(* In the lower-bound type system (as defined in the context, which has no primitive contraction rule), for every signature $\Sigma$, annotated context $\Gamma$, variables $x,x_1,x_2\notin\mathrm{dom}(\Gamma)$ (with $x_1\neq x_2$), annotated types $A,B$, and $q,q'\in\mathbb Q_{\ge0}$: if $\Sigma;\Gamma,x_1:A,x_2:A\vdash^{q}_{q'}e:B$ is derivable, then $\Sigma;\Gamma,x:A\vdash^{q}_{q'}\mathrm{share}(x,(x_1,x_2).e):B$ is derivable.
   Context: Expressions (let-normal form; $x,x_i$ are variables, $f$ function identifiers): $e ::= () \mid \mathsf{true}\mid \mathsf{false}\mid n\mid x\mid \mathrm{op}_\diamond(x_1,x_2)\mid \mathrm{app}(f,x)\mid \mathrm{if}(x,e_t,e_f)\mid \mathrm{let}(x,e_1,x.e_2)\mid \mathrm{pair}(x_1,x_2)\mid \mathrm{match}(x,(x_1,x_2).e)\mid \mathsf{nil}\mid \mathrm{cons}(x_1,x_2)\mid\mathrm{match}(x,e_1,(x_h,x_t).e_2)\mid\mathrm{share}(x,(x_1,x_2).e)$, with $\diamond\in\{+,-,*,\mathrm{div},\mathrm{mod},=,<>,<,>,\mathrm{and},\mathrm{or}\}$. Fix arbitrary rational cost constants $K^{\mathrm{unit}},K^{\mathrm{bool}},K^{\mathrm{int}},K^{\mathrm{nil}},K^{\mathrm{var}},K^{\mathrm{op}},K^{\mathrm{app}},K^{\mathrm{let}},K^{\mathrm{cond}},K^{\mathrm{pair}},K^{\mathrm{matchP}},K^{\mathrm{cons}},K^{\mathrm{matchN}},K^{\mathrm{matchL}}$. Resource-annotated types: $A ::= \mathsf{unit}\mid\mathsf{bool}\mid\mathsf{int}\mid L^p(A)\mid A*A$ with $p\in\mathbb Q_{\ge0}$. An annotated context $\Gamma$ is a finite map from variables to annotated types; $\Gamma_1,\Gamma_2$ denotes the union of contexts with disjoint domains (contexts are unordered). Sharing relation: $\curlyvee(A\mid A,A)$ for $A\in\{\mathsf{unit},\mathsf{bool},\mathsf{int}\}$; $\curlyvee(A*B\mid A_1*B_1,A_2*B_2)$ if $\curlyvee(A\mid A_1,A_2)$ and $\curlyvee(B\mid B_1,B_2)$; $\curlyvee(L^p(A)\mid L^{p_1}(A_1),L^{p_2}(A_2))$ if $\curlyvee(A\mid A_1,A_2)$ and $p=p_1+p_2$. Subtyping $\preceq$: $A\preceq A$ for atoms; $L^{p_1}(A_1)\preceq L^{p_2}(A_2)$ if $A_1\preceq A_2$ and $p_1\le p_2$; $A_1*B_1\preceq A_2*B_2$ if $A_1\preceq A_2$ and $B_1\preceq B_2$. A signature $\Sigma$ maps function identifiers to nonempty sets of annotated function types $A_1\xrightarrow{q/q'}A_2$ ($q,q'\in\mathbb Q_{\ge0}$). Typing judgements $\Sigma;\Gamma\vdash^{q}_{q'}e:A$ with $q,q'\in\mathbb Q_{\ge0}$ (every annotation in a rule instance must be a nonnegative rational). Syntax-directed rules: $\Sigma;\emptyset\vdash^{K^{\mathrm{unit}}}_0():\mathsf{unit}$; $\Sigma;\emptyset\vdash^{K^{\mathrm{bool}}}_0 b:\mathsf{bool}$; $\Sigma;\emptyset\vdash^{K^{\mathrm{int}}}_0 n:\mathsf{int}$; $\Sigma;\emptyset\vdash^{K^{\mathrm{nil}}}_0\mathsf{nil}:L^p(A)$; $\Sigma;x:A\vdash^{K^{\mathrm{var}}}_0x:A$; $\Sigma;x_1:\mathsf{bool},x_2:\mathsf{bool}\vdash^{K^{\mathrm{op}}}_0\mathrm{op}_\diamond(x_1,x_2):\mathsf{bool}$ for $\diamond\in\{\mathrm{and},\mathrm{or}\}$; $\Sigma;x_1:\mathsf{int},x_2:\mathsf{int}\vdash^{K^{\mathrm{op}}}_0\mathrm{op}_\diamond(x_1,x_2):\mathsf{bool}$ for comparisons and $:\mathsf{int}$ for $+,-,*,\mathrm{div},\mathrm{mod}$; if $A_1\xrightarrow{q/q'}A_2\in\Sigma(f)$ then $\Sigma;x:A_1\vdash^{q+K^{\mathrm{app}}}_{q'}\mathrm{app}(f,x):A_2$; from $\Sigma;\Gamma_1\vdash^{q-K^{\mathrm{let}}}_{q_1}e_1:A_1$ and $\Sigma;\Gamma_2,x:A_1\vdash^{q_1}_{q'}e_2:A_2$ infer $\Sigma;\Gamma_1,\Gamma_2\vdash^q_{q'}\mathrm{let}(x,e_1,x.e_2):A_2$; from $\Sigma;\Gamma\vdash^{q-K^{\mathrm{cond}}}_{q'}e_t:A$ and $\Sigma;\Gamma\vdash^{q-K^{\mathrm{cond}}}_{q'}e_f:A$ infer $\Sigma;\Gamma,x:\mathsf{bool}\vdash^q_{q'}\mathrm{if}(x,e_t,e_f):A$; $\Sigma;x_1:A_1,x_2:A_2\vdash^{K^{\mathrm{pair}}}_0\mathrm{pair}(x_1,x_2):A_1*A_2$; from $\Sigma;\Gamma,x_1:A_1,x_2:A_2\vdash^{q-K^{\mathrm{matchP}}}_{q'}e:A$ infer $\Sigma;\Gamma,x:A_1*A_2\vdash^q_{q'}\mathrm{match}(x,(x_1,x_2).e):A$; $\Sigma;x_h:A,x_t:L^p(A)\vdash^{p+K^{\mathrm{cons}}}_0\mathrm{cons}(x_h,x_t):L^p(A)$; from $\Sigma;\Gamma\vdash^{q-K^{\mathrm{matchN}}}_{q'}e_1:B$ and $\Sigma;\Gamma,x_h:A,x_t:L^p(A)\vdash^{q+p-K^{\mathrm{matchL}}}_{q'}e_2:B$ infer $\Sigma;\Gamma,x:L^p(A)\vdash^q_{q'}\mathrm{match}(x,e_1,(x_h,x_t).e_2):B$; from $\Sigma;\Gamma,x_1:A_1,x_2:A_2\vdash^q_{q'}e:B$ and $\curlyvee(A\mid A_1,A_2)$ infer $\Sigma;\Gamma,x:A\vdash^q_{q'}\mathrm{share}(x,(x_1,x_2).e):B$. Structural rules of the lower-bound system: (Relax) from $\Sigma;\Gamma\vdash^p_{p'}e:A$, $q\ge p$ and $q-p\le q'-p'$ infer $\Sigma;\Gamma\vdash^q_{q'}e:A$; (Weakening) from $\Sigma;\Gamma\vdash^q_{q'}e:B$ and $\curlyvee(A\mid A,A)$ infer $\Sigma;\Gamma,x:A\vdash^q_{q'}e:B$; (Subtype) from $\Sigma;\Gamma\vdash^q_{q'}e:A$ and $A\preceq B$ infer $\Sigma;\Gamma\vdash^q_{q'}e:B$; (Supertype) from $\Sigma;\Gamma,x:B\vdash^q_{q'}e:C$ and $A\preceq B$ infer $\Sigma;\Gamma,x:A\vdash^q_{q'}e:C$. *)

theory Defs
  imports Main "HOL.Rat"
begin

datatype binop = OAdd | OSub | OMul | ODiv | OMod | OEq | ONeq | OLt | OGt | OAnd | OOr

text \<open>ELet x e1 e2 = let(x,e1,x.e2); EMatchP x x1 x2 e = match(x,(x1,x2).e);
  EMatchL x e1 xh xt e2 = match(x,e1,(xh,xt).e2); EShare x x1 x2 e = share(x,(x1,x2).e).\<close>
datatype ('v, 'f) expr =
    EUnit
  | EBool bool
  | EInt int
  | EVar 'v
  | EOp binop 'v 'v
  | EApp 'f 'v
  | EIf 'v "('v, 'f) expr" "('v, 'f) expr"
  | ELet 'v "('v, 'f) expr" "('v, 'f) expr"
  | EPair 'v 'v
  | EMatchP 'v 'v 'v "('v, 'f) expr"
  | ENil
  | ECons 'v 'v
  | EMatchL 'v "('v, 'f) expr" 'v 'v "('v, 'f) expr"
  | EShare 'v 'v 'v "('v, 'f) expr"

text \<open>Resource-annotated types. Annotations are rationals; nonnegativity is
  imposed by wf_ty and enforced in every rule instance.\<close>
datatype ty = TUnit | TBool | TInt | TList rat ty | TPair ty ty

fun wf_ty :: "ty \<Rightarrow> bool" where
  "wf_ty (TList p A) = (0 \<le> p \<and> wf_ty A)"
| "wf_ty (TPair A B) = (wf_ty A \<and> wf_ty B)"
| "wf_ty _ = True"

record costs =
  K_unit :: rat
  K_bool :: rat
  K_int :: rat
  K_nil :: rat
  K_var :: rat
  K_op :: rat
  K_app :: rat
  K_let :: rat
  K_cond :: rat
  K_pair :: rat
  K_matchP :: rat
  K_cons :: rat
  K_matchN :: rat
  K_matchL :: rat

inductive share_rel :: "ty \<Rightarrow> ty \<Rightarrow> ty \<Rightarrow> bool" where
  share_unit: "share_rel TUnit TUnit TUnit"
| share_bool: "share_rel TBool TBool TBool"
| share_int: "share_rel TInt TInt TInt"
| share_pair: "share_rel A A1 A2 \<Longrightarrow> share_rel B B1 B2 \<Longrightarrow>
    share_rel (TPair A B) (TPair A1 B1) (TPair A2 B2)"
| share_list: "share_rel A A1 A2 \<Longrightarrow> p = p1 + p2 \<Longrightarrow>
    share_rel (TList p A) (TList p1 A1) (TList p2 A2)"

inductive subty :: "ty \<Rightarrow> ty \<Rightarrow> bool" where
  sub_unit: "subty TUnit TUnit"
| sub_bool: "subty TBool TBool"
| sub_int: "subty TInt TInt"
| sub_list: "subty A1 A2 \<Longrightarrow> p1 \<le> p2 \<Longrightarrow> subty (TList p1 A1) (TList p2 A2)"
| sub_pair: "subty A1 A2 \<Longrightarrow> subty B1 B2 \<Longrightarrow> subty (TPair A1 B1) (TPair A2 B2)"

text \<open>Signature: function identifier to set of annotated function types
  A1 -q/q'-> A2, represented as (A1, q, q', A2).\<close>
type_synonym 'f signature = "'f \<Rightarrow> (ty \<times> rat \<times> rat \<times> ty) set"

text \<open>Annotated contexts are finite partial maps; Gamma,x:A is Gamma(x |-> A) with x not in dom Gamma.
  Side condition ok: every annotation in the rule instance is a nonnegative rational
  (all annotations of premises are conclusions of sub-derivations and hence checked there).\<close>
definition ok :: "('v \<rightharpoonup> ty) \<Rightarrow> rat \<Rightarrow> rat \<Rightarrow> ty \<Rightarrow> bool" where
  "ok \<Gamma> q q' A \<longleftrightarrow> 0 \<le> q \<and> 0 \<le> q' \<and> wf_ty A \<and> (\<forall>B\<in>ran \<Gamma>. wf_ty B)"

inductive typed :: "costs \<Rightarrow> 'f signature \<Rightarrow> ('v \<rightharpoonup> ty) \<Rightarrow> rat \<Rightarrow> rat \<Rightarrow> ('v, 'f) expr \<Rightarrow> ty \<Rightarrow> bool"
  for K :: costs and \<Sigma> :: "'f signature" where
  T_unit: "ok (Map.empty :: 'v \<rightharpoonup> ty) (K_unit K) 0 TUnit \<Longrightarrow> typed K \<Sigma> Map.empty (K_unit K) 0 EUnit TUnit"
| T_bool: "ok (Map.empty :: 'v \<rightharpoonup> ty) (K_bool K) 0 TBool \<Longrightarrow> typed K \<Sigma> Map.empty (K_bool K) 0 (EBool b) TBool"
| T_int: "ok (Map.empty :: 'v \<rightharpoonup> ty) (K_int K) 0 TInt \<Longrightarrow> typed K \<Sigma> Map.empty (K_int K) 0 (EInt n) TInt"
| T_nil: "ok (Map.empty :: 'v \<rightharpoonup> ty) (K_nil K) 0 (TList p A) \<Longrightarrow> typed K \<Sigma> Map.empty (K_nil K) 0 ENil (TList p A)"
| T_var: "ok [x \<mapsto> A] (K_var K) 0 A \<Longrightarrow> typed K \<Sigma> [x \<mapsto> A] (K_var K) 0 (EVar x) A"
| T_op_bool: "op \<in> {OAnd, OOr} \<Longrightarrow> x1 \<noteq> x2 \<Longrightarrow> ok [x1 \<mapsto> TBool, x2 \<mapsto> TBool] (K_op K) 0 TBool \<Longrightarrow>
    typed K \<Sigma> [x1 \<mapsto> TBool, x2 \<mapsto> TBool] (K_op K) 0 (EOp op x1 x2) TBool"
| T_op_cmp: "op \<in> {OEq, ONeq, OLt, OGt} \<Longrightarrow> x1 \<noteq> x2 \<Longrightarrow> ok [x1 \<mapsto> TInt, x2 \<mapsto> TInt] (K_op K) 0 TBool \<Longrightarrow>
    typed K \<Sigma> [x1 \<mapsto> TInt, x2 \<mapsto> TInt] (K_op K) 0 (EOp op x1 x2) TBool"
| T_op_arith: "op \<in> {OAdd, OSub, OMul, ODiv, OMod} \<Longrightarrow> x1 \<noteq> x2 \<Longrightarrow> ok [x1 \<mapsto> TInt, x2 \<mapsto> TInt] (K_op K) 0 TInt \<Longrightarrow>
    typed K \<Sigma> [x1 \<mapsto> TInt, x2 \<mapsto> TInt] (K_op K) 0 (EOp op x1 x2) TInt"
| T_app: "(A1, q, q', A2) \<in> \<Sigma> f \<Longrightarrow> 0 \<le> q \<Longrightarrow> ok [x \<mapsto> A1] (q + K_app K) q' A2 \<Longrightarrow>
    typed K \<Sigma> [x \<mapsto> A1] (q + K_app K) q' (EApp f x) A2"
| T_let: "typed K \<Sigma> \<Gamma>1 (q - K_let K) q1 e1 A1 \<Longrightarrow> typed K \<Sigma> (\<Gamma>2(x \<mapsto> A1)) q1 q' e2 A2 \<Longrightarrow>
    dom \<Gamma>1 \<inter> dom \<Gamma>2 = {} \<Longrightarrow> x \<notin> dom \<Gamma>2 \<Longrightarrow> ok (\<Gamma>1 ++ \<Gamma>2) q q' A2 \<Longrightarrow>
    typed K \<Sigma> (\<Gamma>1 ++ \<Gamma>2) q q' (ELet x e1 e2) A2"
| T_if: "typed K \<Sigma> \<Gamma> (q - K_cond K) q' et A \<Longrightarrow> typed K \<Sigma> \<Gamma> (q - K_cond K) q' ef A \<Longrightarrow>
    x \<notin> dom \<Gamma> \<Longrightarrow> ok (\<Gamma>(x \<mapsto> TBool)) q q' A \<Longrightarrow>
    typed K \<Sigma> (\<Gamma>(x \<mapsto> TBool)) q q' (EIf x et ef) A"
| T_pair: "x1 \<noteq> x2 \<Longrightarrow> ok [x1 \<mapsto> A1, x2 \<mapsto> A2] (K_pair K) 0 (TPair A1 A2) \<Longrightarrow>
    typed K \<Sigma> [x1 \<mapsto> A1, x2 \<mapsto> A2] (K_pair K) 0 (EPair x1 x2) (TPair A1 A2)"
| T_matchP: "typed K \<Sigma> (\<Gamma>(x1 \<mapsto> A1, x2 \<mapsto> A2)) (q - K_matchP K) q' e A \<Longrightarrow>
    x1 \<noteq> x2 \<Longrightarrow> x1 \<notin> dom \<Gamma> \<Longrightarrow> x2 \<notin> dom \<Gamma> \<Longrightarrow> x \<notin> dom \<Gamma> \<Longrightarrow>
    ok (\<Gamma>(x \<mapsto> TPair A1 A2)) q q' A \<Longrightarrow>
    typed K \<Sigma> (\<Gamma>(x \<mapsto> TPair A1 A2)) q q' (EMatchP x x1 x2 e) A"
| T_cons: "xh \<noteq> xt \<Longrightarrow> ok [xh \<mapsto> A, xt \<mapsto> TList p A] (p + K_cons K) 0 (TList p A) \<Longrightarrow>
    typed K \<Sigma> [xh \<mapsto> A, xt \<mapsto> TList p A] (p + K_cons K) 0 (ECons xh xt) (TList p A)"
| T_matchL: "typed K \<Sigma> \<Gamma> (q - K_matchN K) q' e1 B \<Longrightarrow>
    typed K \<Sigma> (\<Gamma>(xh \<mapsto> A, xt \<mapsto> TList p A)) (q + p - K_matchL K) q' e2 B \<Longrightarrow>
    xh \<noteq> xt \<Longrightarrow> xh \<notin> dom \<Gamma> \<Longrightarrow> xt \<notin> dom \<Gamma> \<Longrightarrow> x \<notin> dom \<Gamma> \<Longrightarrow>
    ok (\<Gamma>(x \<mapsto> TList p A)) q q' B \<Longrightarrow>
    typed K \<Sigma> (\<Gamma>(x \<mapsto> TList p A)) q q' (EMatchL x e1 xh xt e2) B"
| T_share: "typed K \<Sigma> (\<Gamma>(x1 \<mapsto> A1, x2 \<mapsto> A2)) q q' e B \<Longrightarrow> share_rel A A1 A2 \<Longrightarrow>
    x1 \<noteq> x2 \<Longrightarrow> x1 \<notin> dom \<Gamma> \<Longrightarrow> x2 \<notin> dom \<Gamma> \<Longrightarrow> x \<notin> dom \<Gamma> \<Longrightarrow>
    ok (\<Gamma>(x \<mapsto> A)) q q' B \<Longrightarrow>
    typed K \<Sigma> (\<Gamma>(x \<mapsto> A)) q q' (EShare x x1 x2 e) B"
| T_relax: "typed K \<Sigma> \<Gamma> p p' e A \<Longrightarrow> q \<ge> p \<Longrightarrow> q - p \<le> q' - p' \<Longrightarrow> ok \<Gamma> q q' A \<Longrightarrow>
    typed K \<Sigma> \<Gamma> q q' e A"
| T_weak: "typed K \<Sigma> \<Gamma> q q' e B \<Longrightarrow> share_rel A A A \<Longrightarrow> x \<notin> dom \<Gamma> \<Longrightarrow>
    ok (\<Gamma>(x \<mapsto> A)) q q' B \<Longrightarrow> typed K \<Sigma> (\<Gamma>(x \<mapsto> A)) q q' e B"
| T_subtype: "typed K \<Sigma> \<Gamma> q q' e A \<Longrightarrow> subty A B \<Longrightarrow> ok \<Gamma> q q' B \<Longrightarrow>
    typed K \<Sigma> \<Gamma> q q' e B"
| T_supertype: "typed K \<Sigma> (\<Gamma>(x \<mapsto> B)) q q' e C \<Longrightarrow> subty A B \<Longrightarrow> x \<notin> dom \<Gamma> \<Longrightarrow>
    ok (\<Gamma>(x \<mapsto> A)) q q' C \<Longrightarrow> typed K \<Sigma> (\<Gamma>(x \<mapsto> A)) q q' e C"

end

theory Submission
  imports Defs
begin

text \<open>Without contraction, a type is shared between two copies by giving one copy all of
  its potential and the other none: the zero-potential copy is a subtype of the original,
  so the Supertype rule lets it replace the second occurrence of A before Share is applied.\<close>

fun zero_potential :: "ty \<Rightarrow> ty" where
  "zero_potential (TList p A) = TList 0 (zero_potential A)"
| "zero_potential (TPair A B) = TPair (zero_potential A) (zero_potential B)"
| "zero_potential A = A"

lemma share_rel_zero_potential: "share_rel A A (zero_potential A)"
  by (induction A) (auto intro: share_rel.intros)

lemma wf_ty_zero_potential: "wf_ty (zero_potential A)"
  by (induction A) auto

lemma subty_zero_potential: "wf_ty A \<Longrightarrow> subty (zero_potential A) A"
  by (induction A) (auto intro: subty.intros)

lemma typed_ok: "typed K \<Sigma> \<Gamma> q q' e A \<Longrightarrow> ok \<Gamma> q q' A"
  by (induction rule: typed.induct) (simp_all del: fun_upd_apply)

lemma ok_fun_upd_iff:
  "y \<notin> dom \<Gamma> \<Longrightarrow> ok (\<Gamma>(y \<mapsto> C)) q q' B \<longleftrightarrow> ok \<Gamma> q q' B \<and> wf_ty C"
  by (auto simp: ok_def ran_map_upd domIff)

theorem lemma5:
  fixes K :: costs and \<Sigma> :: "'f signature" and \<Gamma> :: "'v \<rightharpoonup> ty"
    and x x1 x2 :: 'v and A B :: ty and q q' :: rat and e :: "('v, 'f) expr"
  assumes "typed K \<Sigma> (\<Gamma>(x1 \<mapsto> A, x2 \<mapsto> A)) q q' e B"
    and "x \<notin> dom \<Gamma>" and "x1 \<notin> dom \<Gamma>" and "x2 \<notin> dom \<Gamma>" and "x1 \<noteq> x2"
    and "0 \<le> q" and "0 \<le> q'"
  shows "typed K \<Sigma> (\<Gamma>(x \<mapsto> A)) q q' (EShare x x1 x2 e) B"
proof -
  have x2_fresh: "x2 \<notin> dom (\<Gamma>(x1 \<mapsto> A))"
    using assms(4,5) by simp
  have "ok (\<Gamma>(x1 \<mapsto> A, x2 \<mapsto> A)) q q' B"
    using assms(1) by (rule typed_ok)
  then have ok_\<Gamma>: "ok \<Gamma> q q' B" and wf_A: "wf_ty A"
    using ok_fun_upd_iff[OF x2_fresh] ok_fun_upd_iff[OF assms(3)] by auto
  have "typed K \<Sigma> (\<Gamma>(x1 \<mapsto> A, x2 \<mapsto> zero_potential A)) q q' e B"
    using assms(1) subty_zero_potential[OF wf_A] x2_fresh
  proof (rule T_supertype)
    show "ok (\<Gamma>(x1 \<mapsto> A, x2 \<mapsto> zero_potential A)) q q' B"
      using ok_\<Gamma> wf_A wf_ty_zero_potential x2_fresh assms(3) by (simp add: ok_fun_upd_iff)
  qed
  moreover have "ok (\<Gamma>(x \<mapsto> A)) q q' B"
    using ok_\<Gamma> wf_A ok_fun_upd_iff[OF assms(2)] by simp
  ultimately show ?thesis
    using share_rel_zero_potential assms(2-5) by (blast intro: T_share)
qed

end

::::::::::

## HOW TO COMPLETE THIS TASK:
In the listing above, find the line with "K_bool :: rat" and the line with "signature \<Rightarrow> ('v"; output exactly those lines and all lines between them.

## RESULT OF THIS EXERCISE:
  K_bool :: rat
  K_int :: rat
  K_nil :: rat
  K_var :: rat
  K_op :: rat
  K_app :: rat
  K_let :: rat
  K_cond :: rat
  K_pair :: rat
  K_matchP :: rat
  K_cons :: rat
  K_matchN :: rat
  K_matchL :: rat

inductive share_rel :: "ty \<Rightarrow> ty \<Rightarrow> ty \<Rightarrow> bool" where
  share_unit: "share_rel TUnit TUnit TUnit"
| share_bool: "share_rel TBool TBool TBool"
| share_int: "share_rel TInt TInt TInt"
| share_pair: "share_rel A A1 A2 \<Longrightarrow> share_rel B B1 B2 \<Longrightarrow>
    share_rel (TPair A B) (TPair A1 B1) (TPair A2 B2)"
| share_list: "share_rel A A1 A2 \<Longrightarrow> p = p1 + p2 \<Longrightarrow>
    share_rel (TList p A) (TList p1 A1) (TList p2 A2)"

inductive subty :: "ty \<Rightarrow> ty \<Rightarrow> bool" where
  sub_unit: "subty TUnit TUnit"
| sub_bool: "subty TBool TBool"
| sub_int: "subty TInt TInt"
| sub_list: "subty A1 A2 \<Longrightarrow> p1 \<le> p2 \<Longrightarrow> subty (TList p1 A1) (TList p2 A2)"
| sub_pair: "subty A1 A2 \<Longrightarrow> subty B1 B2 \<Longrightarrow> subty (TPair A1 B1) (TPair A2 B2)"

text \<open>Signature: function identifier to set of annotated function types
  A1 -q/q'-> A2, represented as (A1, q, q', A2).\<close>
type_synonym 'f signature = "'f \<Rightarrow> (ty \<times> rat \<times> rat \<times> ty) set"

text \<open>Annotated contexts are finite partial maps; Gamma,x:A is Gamma(x |-> A) with x not in dom Gamma.
  Side condition ok: every annotation in the rule instance is a nonnegative rational
  (all annotations of premises are conclusions of sub-derivations and hence checked there).\<close>
definition ok :: "('v \<rightharpoonup> ty) \<Rightarrow> rat \<Rightarrow> rat \<Rightarrow> ty \<Rightarrow> bool" where
  "ok \<Gamma> q q' A \<longleftrightarrow> 0 \<le> q \<and> 0 \<le> q' \<and> wf_ty A \<and> (\<forall>B\<in>ran \<Gamma>. wf_ty B)"

inductive typed :: "costs \<Rightarrow> 'f signature \<Rightarrow> ('v \<rightharpoonup> ty) \<Rightarrow> rat \<Rightarrow> rat \<Rightarrow> ('v, 'f) expr \<Rightarrow> ty \<Rightarrow> bool"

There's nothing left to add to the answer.